- Born: 11 October 1948 Belfast
- Died: 29 December 2016 (aged 68) Belfast
- Education: Ulster University
- Occupations: Writer, teacher
- Known for: Irish-language activist

= Aodán Mac Póilin =

Irish language activist

Aodán Mac Póilin (11 October 1948 - 29 December 2016) was an Irish language activist in Northern Ireland.

==Background==
Aodán Mac Póilin was born in Belfast and grew up in Norfolk Road in the Andersonstown area. His father worked as a civil servant and his mother was an Irish language speaker and grew up speaking the language at home. He had two sisters.

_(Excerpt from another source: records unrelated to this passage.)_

lemma dual_functional_relations:
  assumes i: "(k, j) \<in> surface_rays p"
    and u: "\<forall>l\<in>surface_rays p. idot u (w l) = of_bool (l = (k, j))"
    and u0: "idot u (w (0, 1)) = 0" and u2: "idot u (w (2, 1)) = 0"
  defines "Y \<equiv> idot u (w (1, 1))" and "T \<equiv> idot u (w (3, 1))" and "U \<equiv> idot u (w (4, 1))"
  shows "of_bool (k = 0) + Y + of_bool (k = 1)
      = of_bool (k = 2) * int (c j) + (int (b 1) + 1) * T + of_bool (k = 3) * (int (b j) + 1)"
    and "Y + of_bool (k = 1) + of_bool (k = 2) = U + of_bool (k = 4)"
    and "of_bool (k = 2) + T + of_bool (k = 3) = 0"
proof -
  have tail: "(\<Sum>j'\<in>{2..p k'}. f j' * of_bool ((k', j') = (k, j))) = (if k' = k then f j else 0)"
    for k' and f :: "nat \<Rightarrow> int"
    using i by (cases "k' = k") (auto simp: mem_surface_rays)
  have tail1: "(\<Sum>j'\<in>{2..p k'}. of_bool ((k', j') = (k, j))) = (if k' = k then 1 else 0 :: int)" for k'
    using tail[where f = "\<lambda>_. 1"] by simp
  show "of_bool (k = 0) + Y + of_bool (k = 1)
      = of_bool (k = 2) * int (c j) + (int (b 1) + 1) * T + of_bool (k = 3) * (int (b j) + 1)"
    using idot_rel1[OF u, unfolded tail tail1] u0 by (simp add: Y_def T_def split: if_splits)
  show "Y + of_bool (k = 1) + of_bool (k = 2) = U + of_bool (k = 4)"
    using idot_rel2[OF u, unfolded tail1] u2 by (simp add: Y_def U_def split: if_splits)
  show "of_bool (k = 2) + T + of_bool (k = 3) = 0"
    using idot_rel3[OF u, unfolded tail1] u2 by (simp add: T_def split: if_splits)
qed

lemma isect_surface_ray_self:
  assumes i: "(k, j) \<in> surface_rays p"
  shows "isect (k, j) (k, j) = (if k = 2 then int (b 1) - 2 * int (c j)
    else if k = 3 then int (b 1) - 2 * int (b j) - 1 else if k = 0 then 0 else -1)"
proof -
  obtain u where u: "\<forall>l\<in>surface_rays p. idot u (w l) = of_bool (l = (k, j))"
    and u0: "idot u (w (0, 1)) = 0" and u2: "idot u (w (2, 1)) = 0"
    using exists_functional_with_values[of "\<lambda>l. of_bool (l = (k, j))" 0 0] by blast
  define Y T U where "Y = idot u (w (1, 1))" and "T = idot u (w (3, 1))" and "U = idot u (w (4, 1))"
  note rel = dual_functional_relations[OF i u u0 u2, folded Y_def T_def U_def]
  note self = isect_self_by_dual_functional[OF i u u0 u2, folded Y_def T_def U_def]
  have "k < 5"
    using i by (simp add: mem_surface_rays)
  then consider "k = 0" | "k = 1" | "k = 2" | "k = 3" | "k = 4"
    by linarith
  then show ?thesis
  proof cases
    case 1
    then have "T = 0" "Y = -1" "U = -1" using rel by simp_all
    then show ?thesis using 1 self by simp
  next
    case 2
    then have "T = 0" "Y = -1" "U = 0" using rel by simp_all
    then show ?thesis using 2 self by simp
  next
    case 3
    have T: "T = -1" using rel(3) 3 by simp
    have Y: "Y = int (c j) - int (b 1) - 1" using rel(1) 3 T by simp
    have U: "U = int (c j) - int (b 1)" using rel(2) 3 Y by simp
    show ?thesis using 3 self unfolding T Y U by (simp add: power2_eq_square algebra_simps)
  next
    case 4
    have T: "T = -1" using rel(3) 4 by simp
    have Y: "Y = int (b j) - int (b 1)" using rel(1) 4 T by simp
    have U: "U = int (b j) - int (b 1)" using rel(2) 4 Y by simp
    show ?thesis using 4 self unfolding T Y U by (simp add: power2_eq_square algebra_simps)
  next
    case 5
    then have "T = 0" "Y = 0" "U = -1" using rel by simp_all
    then show ?thesis using 5 self by simp
  qed
qed

lemma sum_isect_self:
  "(\<Sum>i\<in>Rays p. isect i i)
    = - int (p 1) - int (p 4) + int (b 1) * int (p 2) - 2 * (\<Sum>j\<in>{2..p 2}. int (c j))
      - (int (b 1) + 1) + (\<Sum>i\<in>{2..p 3}. int (b 1) - 2 * int (b i) - 1)"
proof -
  have surface: "(\<Sum>j\<in>{2..p k}. isect (k, j) (k, j))
      = (\<Sum>j\<in>{2..p k}. if k = 2 then int (b 1) - 2 * int (c j)
         else if k = 3 then int (b 1) - 2 * int (b j) - 1 else if k = 0 then 0 else -1)" if "k < 5" for k
    using that by (intro sum.cong) (simp_all add: isect_surface_ray_self mem_surface_rays)
  have "(\<Sum>i\<in>Rays p. isect i i) = (\<Sum>i\<in>surface_rays p. isect i i) + (\<Sum>k<5. isect (k, 1) (k, 1))"
    by (rule sum_Rays_split[OF ppos])
  also have "(\<Sum>k<5. isect (k, 1) (k, 1)) = -3"
    unfolding sum_lessThan_5 using isect_first_ray_self by simp
  also have "(\<Sum>i\<in>surface_rays p. isect i i) = (\<Sum>k<5. \<Sum>j\<in>{2..p k}. isect (k, j) (k, j))"
    unfolding surface_rays_Sigma by (simp add: sum.Sigma split_beta)
  also have "\<dots> = - int (p 1 - 1) + (int (b 1) * int (p 2 - 1) - 2 * (\<Sum>j\<in>{2..p 2}. int (c j)))
      + (\<Sum>j\<in>{2..p 3}. int (b 1) - 2 * int (b j) - 1) - int (p 4 - 1)"
    by (simp add: surface sum_lessThan_5 sum_subtractf sum_distrib_left)
  finally show ?thesis
    using p_pos by (simp add: of_nat_diff algebra_simps)
qed

end

theorem mainTheorem4:
  fixes p :: "nat \<Rightarrow> nat" and b c :: "nat \<Rightarrow> nat"
    and w :: "nat \<times> nat \<Rightarrow> int ^ 'n"
    and deg :: "(nat \<times> nat) multiset \<Rightarrow> int"
  assumes ppos: "\<forall>k<5. 0 < p k"
    and dim: "CARD('n) + 3 = p 0 + p 1 + p 2 + p 3 + p 4"
    and fan: "smooth_projective_complete_fan p w"
    and rel1: "(\<Sum>i\<in>grp p 0. w i) + (\<Sum>i\<in>grp p 1. w i)
               = (\<Sum>j\<in>{2..p 2}. int (c j) *s w (2, j)) + (\<Sum>j\<in>{1..p 3}. int (b j + 1) *s w (3, j))"
    and rel2: "(\<Sum>i\<in>grp p 1. w i) + (\<Sum>i\<in>grp p 2. w i) = (\<Sum>i\<in>grp p 4. w i)"
    and rel3: "(\<Sum>i\<in>grp p 2. w i) + (\<Sum>i\<in>grp p 3. w i) = 0"
    and rel4: "(\<Sum>i\<in>grp p 3. w i) + (\<Sum>i\<in>grp p 4. w i) = (\<Sum>i\<in>grp p 1. w i)"
    and rel5: "(\<Sum>i\<in>grp p 4. w i) + (\<Sum>i\<in>grp p 0. w i)
               = (\<Sum>j\<in>{2..p 2}. int (c j) *s w (2, j)) + (\<Sum>j\<in>{1..p 3}. int (b j) *s w (3, j))"
    and cmin: "\<forall>j\<in>{2..p 2}. c 2 \<le> c j"
    and bmin: "\<forall>i\<in>{1..p 3}. b 1 \<le> b i"
    and degX: "toric_degree p w deg"
  shows "(\<Sum>i\<in>Rays p. deg (mset_set (Rays p - {(k, 1) | k. k < 5}) + {#i, i#}))
         = - int (p 1) - int (p 4) + int (b 1) * int (p 2) - 2 * (\<Sum>j\<in>{2..p 2}. int (c j))
           - (int (b 1) + 1) + (\<Sum>i\<in>{2..p 3}. int (b 1) - 2 * int (b i) - 1)"
proof -
  interpret toric_surface p b c w deg
    using ppos dim fan rel1 rel2 rel3 degX by unfold_locales
  show ?thesis
    using sum_isect_self unfolding isect_def surface_rays_def .
qed

end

He was one of the early students at the New University of Ulster (1970-1974) which had recently opened at Coleraine. There he was associated with the Coleraine Cluster of poets and writers. He graduated with a BA(Hons) in Irish studies. He later obtained an MPhil on modern literature in Irish.

On returning to Belfast he helped to establish the Shaw's Road Irish-speaking community where he and his wife Áine lived.

==Career==
After graduation, Mac Póilin was a teacher for a period and then became Director of the ULTACH Trust in 1990.

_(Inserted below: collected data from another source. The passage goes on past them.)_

text \<open>Expand the d*-adapted vectors E1 Y1, E0 Y0 in the d-adapted bases of C^0, C^1.  The
  coefficient blocks K, K' on the complements are injective, which forces the complements of
  d and of d* to have matching dimensions; so K, K' are square and nonsingular.\<close>
lemma dual_basis_expansion:
  fixes D0 D1 E0 E1 :: "'a::field mat"
  assumes D0: "D0 \<in> carrier_mat n1 n0" and D1: "D1 \<in> carrier_mat n0 n1"
    and E0: "E0 \<in> carrier_mat n1 n0" and E1: "E1 \<in> carrier_mat n0 n1"
    and dd0: "D1 * D0 = 0\<^sub>m n0 n0" and dd1: "D0 * D1 = 0\<^sub>m n1 n1"
    and ee0: "E1 * E0 = 0\<^sub>m n0 n0" and ee1: "E0 * E1 = 0\<^sub>m n1 n1"
    and L0: "det (E1 * D0 + D1 * E0) \<noteq> 0" and L1: "det (E0 * D1 + D0 * E1) \<noteq> 0"
    and X0: "X0 \<in> carrier_mat n0 p0" and X1: "X1 \<in> carrier_mat n1 p1"
    and Y0: "Y0 \<in> carrier_mat n0 q0" and Y1: "Y1 \<in> carrier_mat n1 q1"
    and P0: "det (hcat (D1 * X1) X0) \<noteq> 0" and P1: "det (hcat (D0 * X0) X1) \<noteq> 0"
    and dims: "p1 + p0 = n0" "p0 + p1 = n1" "q1 + q0 = n0"
    and inj1: "injm q1 (E1 * Y1)" and inj0: "injm q0 (E0 * Y0)"
  obtains H K H' K' where "q0 = p1" and "q1 = p0"
    and "H \<in> carrier_mat p0 p1" and "K \<in> carrier_mat p1 p1"
    and "H' \<in> carrier_mat p1 p0" and "K' \<in> carrier_mat p0 p0"
    and "det K \<noteq> 0" and "det K' \<noteq> 0"
    and "E0 * Y0 = D0 * X0 * H + X1 * K" and "E1 * Y1 = D1 * X1 * H' + X0 * K'"
proof -
  have D1X1: "D1 * X1 \<in> carrier_mat n0 p1" and D0X0: "D0 * X0 \<in> carrier_mat n1 p0"
    and E1Y1: "E1 * Y1 \<in> carrier_mat n0 q1" and E0Y0: "E0 * Y0 \<in> carrier_mat n1 q0"
    using D0 D1 E0 E1 X0 X1 Y0 Y1 by auto
  obtain H' K' where H': "H' \<in> carrier_mat p1 q1" and K': "K' \<in> carrier_mat p0 q1"
    and dec1: "E1 * Y1 = D1 * X1 * H' + X0 * K'"
    using hcat_basis_decomp[OF D1X1 X0 dims(1) P0 E1Y1] by auto
  obtain H K where H: "H \<in> carrier_mat p0 q0" and K: "K \<in> carrier_mat p1 q0"
    and dec0: "E0 * Y0 = D0 * X0 * H + X1 * K"
    using hcat_basis_decomp[OF D0X0 X1 dims(2) P1 E0Y0] by auto
  have injK: "injm q1 K'" "injm q0 K"
    using complement_coeff_injective[OF D0 D1 E0 E1 dd1 ee1 L0 X1 X0 Y1 H' K' inj1 dec1]
      complement_coeff_injective[OF D1 D0 E1 E0 dd0 ee0 L1 X0 X1 Y0 H K inj0 dec0] by auto
  hence q: "q1 = p0" "q0 = p1"
    using injm_cols_le[OF _ K'] injm_cols_le[OF _ K] dims by fastforce+
  have "det K \<noteq> 0" "det K' \<noteq> 0" using injK injm_det K K' q by auto
  thus ?thesis using that q H K H' K' dec0 dec1 by auto
qed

He was active in the European Bureau for Lesser-Used Languages and the Community Relations Council for Northern Ireland, and was chairman of the first Irish-medium school in Northern Ireland.

Mac Póilin served on the board of Northern Ireland Screen for 5 years from 2012, with particular responsibility for the Irish Language Broadcast Fund. He also served on the boards of the Columba Initiative, Comhairle na Gaelscolaíochta (the Council for Irish-medium Education), the Education Broadcasting Council of BBC Northern Ireland, Foras na Gaeilge (the cross-border Irish language implementation body), and the Seamus Heaney Centre for Poetry, Queen's University Belfast.

Mac Póilin wrote and lectured extensively on various aspects of the Irish language, literature and culture. He made a major contribution to the revitalisation of the Irish language in Northern Ireland.

Mac Póilin died on 29 December 2016. He is survived by his wife Áine, daughter Aoife, and two grandchildren.

==Legacy==
A film entitled Rian na gCos celebrating his life was released on BBC Two NI in 2020 and on TG4 in 2021.

In 2017, the Irish Language Broadcast Fund established a bursary fund in his name entitled Ciste Cuimhneacháin Aodáin Mhic Phóilin.

==Books==
- Styles of Belonging: the cultural identities of Ulster (co-editor with Jean Lundy); 1992
- Ruined Pages, New Selected Poems of Padraic Fiacc (co-editor with Gerald Dawe); Blackstaff Press 1994 (ISBN 978-0-85640-529-7)
- Irish Language in Northern Ireland (editor); Iontaobhas Ultach, 1997 (ISBN 978-0-9516466-3-2)
- The Great Book of Gaelic (2002) (member of the editorial panel)
- Our Tangled Speech, Essays on Language and Culture; Ulster Historical Foundation, 2018 (ISBN 978-1-909556-67-6)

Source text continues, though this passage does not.